Assign a more descriptive name to the input and outputs. The Script component uses these names to generate the typed accessor properties that you will use to refer to the input and outputs in your script.
Leave columns as is for synchronous transformations. Typically a synchronous transformation does not add columns to the data flow. Data is modified in place in the buffer, and the buffer is passed on to the next component in the data flow. If this is the case, you do not have to add and configure output columns explicitly on the transformation's outputs. The outputs appear in the editor without any explicitly defined columns.
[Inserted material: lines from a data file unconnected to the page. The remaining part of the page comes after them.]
theorem stiemke_alternative:
  fixes c :: "'i \<Rightarrow> real^'n"
  assumes "finite I"
    and pointed: "\<And>x. x \<in> convex_cone hull (c ` I) \<Longrightarrow> \<forall>k. 0 \<le> x $ k \<Longrightarrow> x = 0"
  shows "\<exists>y. (\<forall>k. 0 < y $ k) \<and> (\<forall>i\<in>I. y \<bullet> c i \<le> 0)"
proof -
  define C where "C = convex_cone hull (c ` I)"
  define T :: "(real^'n) set" where "T = convex hull (range (\<lambda>k. axis k 1))"
  have "convex {x::real^'n. \<forall>k. 0 \<le> x $ k}"
    by (rule convex_box_cart) (simp add: atLeast_def[symmetric])
  then have "T \<subseteq> {x. \<forall>k. 0 \<le> x $ k} \<inter> {x. 1 \<bullet> x = 1}"
    unfolding T_def
    by (intro hull_minimal convex_Int convex_hyperplane) (auto simp: inner_axis; simp add: axis_def)
  then have "T \<inter> C = {}"
    using pointed unfolding C_def by fastforce
  moreover have "compact T" "convex T" "T \<noteq> {}"
    unfolding T_def by (simp_all add: compact_convex_hull finite_imp_compact)
  moreover have "closed C" "convex C"
    unfolding C_def using assms(1) by (auto intro: closed_convex_cone_hull convex_convex_cone_hull)
  ultimately obtain a b where below: "\<And>x. x \<in> T \<Longrightarrow> a \<bullet> x < b"
    and above: "\<And>x. x \<in> C \<Longrightarrow> b < a \<bullet> x"
    using separating_hyperplane_compact_closed by meson
  have "0 \<in> C" unfolding C_def by (rule convex_cone_hull_contains_0)
  then have "b < 0" using above by fastforce
  show ?thesis
  proof (intro exI conjI allI ballI)
    fix k
    have "axis k 1 \<in> T" unfolding T_def by (rule hull_inc) simp
    then show "0 < (- a) $ k" using below \<open>b < 0\<close> by (fastforce simp: inner_axis)
  next
    fix i assume "i \<in> I"
    then have "c i \<in> C" unfolding C_def by (simp add: hull_inc)
    then show "(- a) \<bullet> c i \<le> 0"
      using conic_inner_bounded_below_imp_nonneg[OF _ _ above] conic_convex_cone_hull
      unfolding C_def by fastforce
  qed
qed

lemma expect_lincomb:
  "expect Q (\<lambda>w. \<Sum>i\<in>I. h i * c i w) = (\<Sum>i\<in>I. h i * expect Q (c i))"
proof -
  have "expect Q (\<lambda>w. \<Sum>i\<in>I. h i * c i w) = (\<Sum>w\<in>UNIV. \<Sum>i\<in>I. h i * (Q w * c i w))"
    unfolding expect_def by (simp add: sum_distrib_left mult.left_commute)
  also have "\<dots> = (\<Sum>i\<in>I. h i * expect Q (c i))"
    unfolding expect_def by (subst sum.swap) (simp add: sum_distrib_left)
  finally show ?thesis .
qed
Add new columns to simulated error outputs for row-level errors. Ordinarily multiple outputs in the same ExclusionGroup have the same set of output columns. However, if you are creating a simulated error output, you may want to add more columns to contain error information. For information about how the data flow engine processes error rows, see Using Error Outputs in a Data Flow Component. Note that in the Script component you must write your own code to fill the additional columns with appropriate error information. For more information, see Simulating an Error Output for the Script Component.
For more information about the Inputs and Outputs page of the Script Transformation Editor, see Script Transformation Editor (Inputs and Outputs Page).
Adding Variables
If you want to use existing variables in your script, you can add them in the ReadOnlyVariables and ReadWriteVariables property fields on the Script page of the Script Transformation Editor.
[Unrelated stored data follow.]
text \<open>Spherical t-design on the unit circle S^1: the normalized surface measure
on S^1 (of total length 2 pi) is parametrized by the angle.\<close>

definition sph_design_S1 :: "nat \<Rightarrow> (real \<times> real) set \<Rightarrow> bool" where
  "sph_design_S1 t X \<longleftrightarrow> finite X \<and> X \<noteq> {} \<and>
     (\<forall>x\<in>X. (fst x)\<^sup>2 + (snd x)\<^sup>2 = 1) \<and>
     (\<forall>c. (\<Sum>x\<in>X. poly2 t c x) / real (card X)
          = integral {0..2*pi} (\<lambda>\<theta>. poly2 t c (cos \<theta>, sin \<theta>)) / (2*pi))"

definition sph_design_radius :: "nat \<Rightarrow> real \<Rightarrow> (real \<times> real) set \<Rightarrow> bool" where
  "sph_design_radius t r X \<longleftrightarrow> r > 0 \<and> (\<forall>x\<in>X. (fst x)\<^sup>2 + (snd x)\<^sup>2 = r\<^sup>2) \<and>
     sph_design_S1 t ((\<lambda>x. (fst x / r, snd x / r)) ` X)"

definition shell :: "nat \<Rightarrow> (real \<times> real) set" where
  "shell m = (\<lambda>(a, b). (real_of_int a, real_of_int b)) `
               {p :: int \<times> int. (fst p)\<^sup>2 + (snd p)\<^sup>2 = int m}"

end

theory Submission
  imports Defs "HOL-Computational_Algebra.Primes" "HOL-Library.Discrete_Functions"
begin

text \<open>Identify \<open>\<int>\<^sup>2\<close> with the Gaussian integers. A 4-design on the circle averages the
harmonic polynomials \<open>Re (z ^ 4)\<close> and \<open>Im (z ^ 4)\<close> to zero, so if the shell of norm \<open>m\<close>
were a 4-design, the sum \<open>T m\<close> of the fourth powers of its points would vanish. But \<open>T\<close> never
vanishes on a nonempty shell: \<open>T 1 = 4\<close>, \<open>T (2 * n) = -4 * T n\<close>, \<open>T (p\<^sup>2 * n) = p ^ 4 * T n\<close> when
the prime \<open>p\<close> divides both coordinates of every point, and otherwise \<open>p = \<pi> * cnj \<pi>\<close> splits, every
point of norm \<open>p ^ k * n\<close> with \<open>p\<close> not dividing \<open>n\<close> is uniquely \<open>\<pi> ^ s * cnj \<pi> ^ (k - s) * w\<close>
with \<open>w\<close> of norm \<open>n\<close>, and hence \<open>T (p ^ k * n) = (\<Sum>s\<le>k. (\<pi> ^ s * cnj \<pi> ^ (k - s)) ^ 4) * T n\<close>,
where the factor is nonzero because modulo \<open>\<pi>\<close> only the term \<open>cnj \<pi> ^ (4 * k)\<close> survives.\<close>

section \<open>Shells of Gaussian integers\<close>

definition gauss_ints :: "complex set" where
  "gauss_ints = {z. Re z \<in> \<int> \<and> Im z \<in> \<int>}"

lemma Complex_of_int_in_gauss_ints [simp]: "Complex (of_int a) (of_int b) \<in> gauss_ints"
  by (simp add: gauss_ints_def)

lemma gauss_intsE:
  assumes "z \<in> gauss_ints"
  obtains a b :: int where "z = Complex (of_int a) (of_int b)"
proof -
  obtain a where "Re z = of_int a" using assms Ints_cases unfolding gauss_ints_def by auto
  moreover obtain b where "Im z = of_int b" using assms Ints_cases unfolding gauss_ints_def by auto
  ultimately show thesis using that[of a b] by (simp add: complex_eq_iff)
qed

lemma gauss_ints_mult: "z \<in> gauss_ints \<Longrightarrow> w \<in> gauss_ints \<Longrightarrow> z * w \<in> gauss_ints"
  by (auto simp: gauss_ints_def)

lemma gauss_ints_power: "z \<in> gauss_ints \<Longrightarrow> z ^ n \<in> gauss_ints"
  by (induction n) (auto simp: gauss_ints_def)

lemma gauss_ints_cnj: "z \<in> gauss_ints \<Longrightarrow> cnj z \<in> gauss_ints"
  by (auto simp: gauss_ints_def)

lemma gauss_ints_sum: "(\<And>x. x \<in> A \<Longrightarrow> f x \<in> gauss_ints) \<Longrightarrow> sum f A \<in> gauss_ints"
  by (auto simp: gauss_ints_def)

definition gauss_shell :: "nat \<Rightarrow> complex set" where
  "gauss_shell m = {z \<in> gauss_ints. (cmod z)\<^sup>2 = real m}"

lemma Complex_of_int_in_gauss_shell_iff [simp]:
  "Complex (of_int a) (of_int b) \<in> gauss_shell m \<longleftrightarrow> a\<^sup>2 + b\<^sup>2 = int m"
proof -
  have "(cmod (Complex (of_int a) (of_int b)))\<^sup>2 = real m \<longleftrightarrow>
        of_int (a\<^sup>2 + b\<^sup>2) = (of_int (int m) :: real)"
    by (simp add: cmod_power2)
  then show ?thesis
    by (simp add: gauss_shell_def del: of_int_add of_int_power) (metis of_int_eq_iff of_int_of_nat_eq)
qed

lemma gauss_shellE:
  assumes "z \<in> gauss_shell m"
  obtains a b :: int where "z = Complex (of_int a) (of_int b)" and "a\<^sup>2 + b\<^sup>2 = int m"
proof -
  obtain a b where z: "z = Complex (of_int a) (of_int b)"
    using assms gauss_intsE unfolding gauss_shell_def by blast
  with assms show thesis using that by simp
qed

lemma gauss_shell_mult:
  assumes "z \<in> gauss_shell m" "w \<in> gauss_shell n"
  shows "z * w \<in> gauss_shell (m * n)"
  using assms unfolding gauss_shell_def by (simp add: gauss_ints_mult norm_mult power_mult_distrib)

lemma gauss_shell_power:
  assumes "z \<in> gauss_shell m"
  shows "z ^ k \<in> gauss_shell (m ^ k)"
proof (induction k)
  case 0
  then show ?case
    by (simp add: gauss_shell_def gauss_ints_def)
next
  case (Suc k)
  then show ?case
    using gauss_shell_mult[OF assms] by simp
qed

lemma gauss_shell_div:
  assumes "z * w \<in> gauss_shell (m * n)" "z \<in> gauss_shell m" "w \<in> gauss_ints" "m > 0"
  shows "w \<in> gauss_shell n"
  using assms unfolding gauss_shell_def by (simp add: norm_mult power_mult_distrib)

lemma gauss_shell_eq_shell: "gauss_shell m = (\<lambda>x. Complex (fst x) (snd x)) ` shell m"
proof (rule set_eqI)
  fix z
  show "z \<in> gauss_shell m \<longleftrightarrow> z \<in> (\<lambda>x. Complex (fst x) (snd x)) ` shell m"
  proof
    assume "z \<in> gauss_shell m"
    then obtain a b where z: "z = Complex (of_int a) (of_int b)" and ab: "a\<^sup>2 + b\<^sup>2 = int m"
      by (rule gauss_shellE)
    have "(real_of_int a, real_of_int b) \<in> shell m"
      unfolding shell_def using ab by (intro image_eqI[of _ _ "(a, b)"]) simp_all
    with z show "z \<in> (\<lambda>x. Complex (fst x) (snd x)) ` shell m"
      by (intro image_eqI[of _ _ "(of_int a, of_int b)"]) simp_all
  next
    assume "z \<in> (\<lambda>x. Complex (fst x) (snd x)) ` shell m"
    then show "z \<in> gauss_shell m"
      unfolding shell_def by auto
  qed
qed

definition fourth_power_sum :: "nat \<Rightarrow> complex" where
  "fourth_power_sum m = (\<Sum>z\<in>gauss_shell m. z ^ 4)"

lemma fourth_power_sum_scale:
  assumes "a \<noteq> 0" and "gauss_shell m = (\<lambda>w. a * w) ` gauss_shell n"
  shows "fourth_power_sum m = a ^ 4 * fourth_power_sum n"
proof -
  have "inj_on (\<lambda>w. a * w) (gauss_shell n)"
    using assms(1) by (auto intro: inj_onI)
  then show ?thesis
    unfolding fourth_power_sum_def assms(2)
    by (simp add: sum.reindex sum_distrib_left power_mult_distrib)
qed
When you add multiple variables in the property fields, separate the variable names by commas. You can also select multiple variables by clicking the ellipsis (…) button next to the ReadOnlyVariables and ReadWriteVariables property fields, and then selecting the variables in the Select variables dialog box.
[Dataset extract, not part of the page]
(* Let $\Sigma$ be any $(\mathbf d,\mathbf z)$-cluster pattern in a semifield $\mathbb P$ with initial seed $(\mathbf x,\mathbf y,B)$ (here $\mathbf y\in\mathbb P^n$ and $\mathbf z$ have values in $\mathbb P$), with exchange matrices $B_t=(b^t_{ij})$ and $y$-variables $y^t_i$. Let $C^t=(c^t_{ij})$ and $F^t_j$ be the $C$-matrices and $F$-polynomials of the $(\mathbf d,\mathbf z)$-cluster pattern with principal coefficients having the same initial exchange matrix $B$ and the same $\mathbf d$. Then for all $t$ and $i$, $$y^t_i=\prod_{j=1}^ny_j^{c^t_{ji}}\prod_{j=1}^nF^t_j|_{\mathbb P}(\mathbf y,\mathbf z)^{b^t_{ji}}.$$ Moreover, the $Y$-functions satisfy $Y^t_i(\mathbf y,\mathbf z)=\prod_jy_j^{c^t_{ji}}\prod_jF^t_j(\mathbf y,\mathbf z)^{b^t_{ji}}$ as rational functions in the formal variables.
   Context: All matrices integer and $[a]_+=\max(a,0)$. A semifield $\mathbb P$ is an abelian multiplicative group with a commutative associative $\oplus$ over which multiplication distributes; $\mathbb Z\mathbb P$ its group ring, $\mathbb Q\mathbb P$ its fraction field, $\mathcal F=\mathbb Q\mathbb P(w_1,\dots,w_n)$. A seed in $\mathbb P$ is $(\mathbf x,\mathbf y,B)$ with $B=(b_{ij})$ skew-symmetrizable $n\times n$, $\mathbf x\in\mathcal F^n$, $\mathbf y\in\mathbb P^n$. Mutation data: positive integers $\mathbf d$ and $z_{i,s}\in\mathbb P$ ($1\le s\le d_i-1$) with $z_{i,s}=z_{i,d_i-s}$, $z_{i,0}=z_{i,d_i}=1$. The $(\mathbf d,\mathbf z)$-mutation $\mu_k(\mathbf{x},\mathbf{y},B)=(\mathbf{x}',\mathbf{y}',B')$: $b'_{ij}=-b_{ij}$ if $i=k$ or $j=k$, else $b'_{ij}=b_{ij}+d_k([-b_{ik}]_+b_{kj}+b_{ik}[b_{kj}]_+)$; $y'_k=y_k^{-1}$, $y'_i=y_i(y_k^{[\varepsilon b_{ki}]_+})^{d_k}(\bigoplus_{s=0}^{d_k}z_{k,s}y_k^{\varepsilon s})^{-b_{ki}}$ ($i\ne k$); $x'_i=x_i$ ($i\ne k$), $x'_k=x_k^{-1}(\prod_jx_j^{[-\varepsilon b_{jk}]_+})^{d_k}\frac{\sum_{s=0}^{d_k}z_{k,s}\hat y_k^{\varepsilon s}}{\bigoplus_{s=0}^{d_k}z_{k,s}y_k^{\varepsilon s}}$, $\hat y_i=y_i\prod_jx_j^{b_{ji}}$, $\varepsilon=\pm1$. $\mathbb T_n$ is the $n$-regular tree with edges labeled $1,\dots,n$, distinct labels at each vertex; a $(\mathbf d,\mathbf z)$-cluster pattern assigns seeds $(\mathbf x_t,\mathbf y_t,B_t)$, $\mathbf y_t=(y^t_i)$, to vertices related by $\mu_k$ along edges labeled $k$, initial seed at a fixed $t_0$. Principal coefficients: for formal variables $y_1,\dots,y_n$, $z_{i,s}$ ($z_{i,s}=z_{i,d_i-s}$), $\mathrm{Trop}(\mathbf y,\mathbf z)$ is the free abelian group they generate with $\oplus$ the componentwise minimum of exponents; the pattern with principal coefficients lives in $\mathrm{Trop}(\mathbf y,\mathbf z)$ with initial seed $(\mathbf x,\mathbf y,B)$ ($\mathbf y$ the generators). Its $y^t_j$ are Laurent monomials $\prod_iy_i^{c^t_{ij}}$ in $\mathbf y$ alone, defining $C^t=(c^t_{ij})$. Its $x^t_i$ are $X$-functions $X^t_i\in\mathbb Z[x_1^{\pm1},\dots,x_n^{\pm1},\mathbf y,\mathbf z]$, and $F^t_i(\mathbf y,\mathbf z)=X^t_i(1,\dots,1,\mathbf y,\mathbf z)$. Each $F^t_i$ is a subtraction-free rational expression in $\mathbf y,\mathbf z$, so it can be evaluated in any semifield: $F^t_i|_{\mathbb P}(\mathbf y,\mathbf z)$ denotes the value in $\mathbb P$ with $+$ replaced by $\oplus$ and the variables replaced by the given elements of $\mathbb P$. $Y^t_i(\mathbf y,\mathbf z)$ (the $Y$-functions) are the $y$-variables of the $(\mathbf d,\mathbf z)$-cluster pattern with initial seed $(\mathbf x,\mathbf y,B)$ in the universal semifield $\mathbb Q_{\mathrm{sf}}(\mathbf y,\mathbf z)$ of subtraction-free rational functions in the formal variables. *)

theory Defs
  imports Complex_Main
begin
For general information about how to use variables with the Script component, see Using Variables in the Script Component.
For more information about the Script page of the Script Transformation Editor, see Script Transformation Editor (Script Page).
Scripting a Synchronous Transformation Component in Code-Design Mode
After you have configured the metadata for your component, you can write your custom script. In the Script Transformation Editor, on the Script page, click Edit Script to open the Microsoft Visual Studio Tools for Applications (VSTA) IDE where you can add your custom script. The scripting language that you use depends on whether you selected Microsoft Visual Basic 2008 or Microsoft Visual C# 2008 as the script language for the ScriptLanguage property on the Script page.
For important information that applies to all kinds of components created by using the Script component, see Coding and Debugging the Script Component.
Understanding the Auto-generated Code
When you open the VSTA IDE after you create and configuring a transformation component, the editable ScriptMain class appears in the code editor with a stub for the ProcessInputRow method. The ScriptMain class is where you will write your custom code, and ProcessInputRow is the most important method in a transformation component.
If you open the Project Explorer window in VSTA, you can see that the Script component has also generated read-only BufferWrapper and ComponentWrapper project items. The ScriptMain class inherits from the UserComponent class in the ComponentWrapper project item.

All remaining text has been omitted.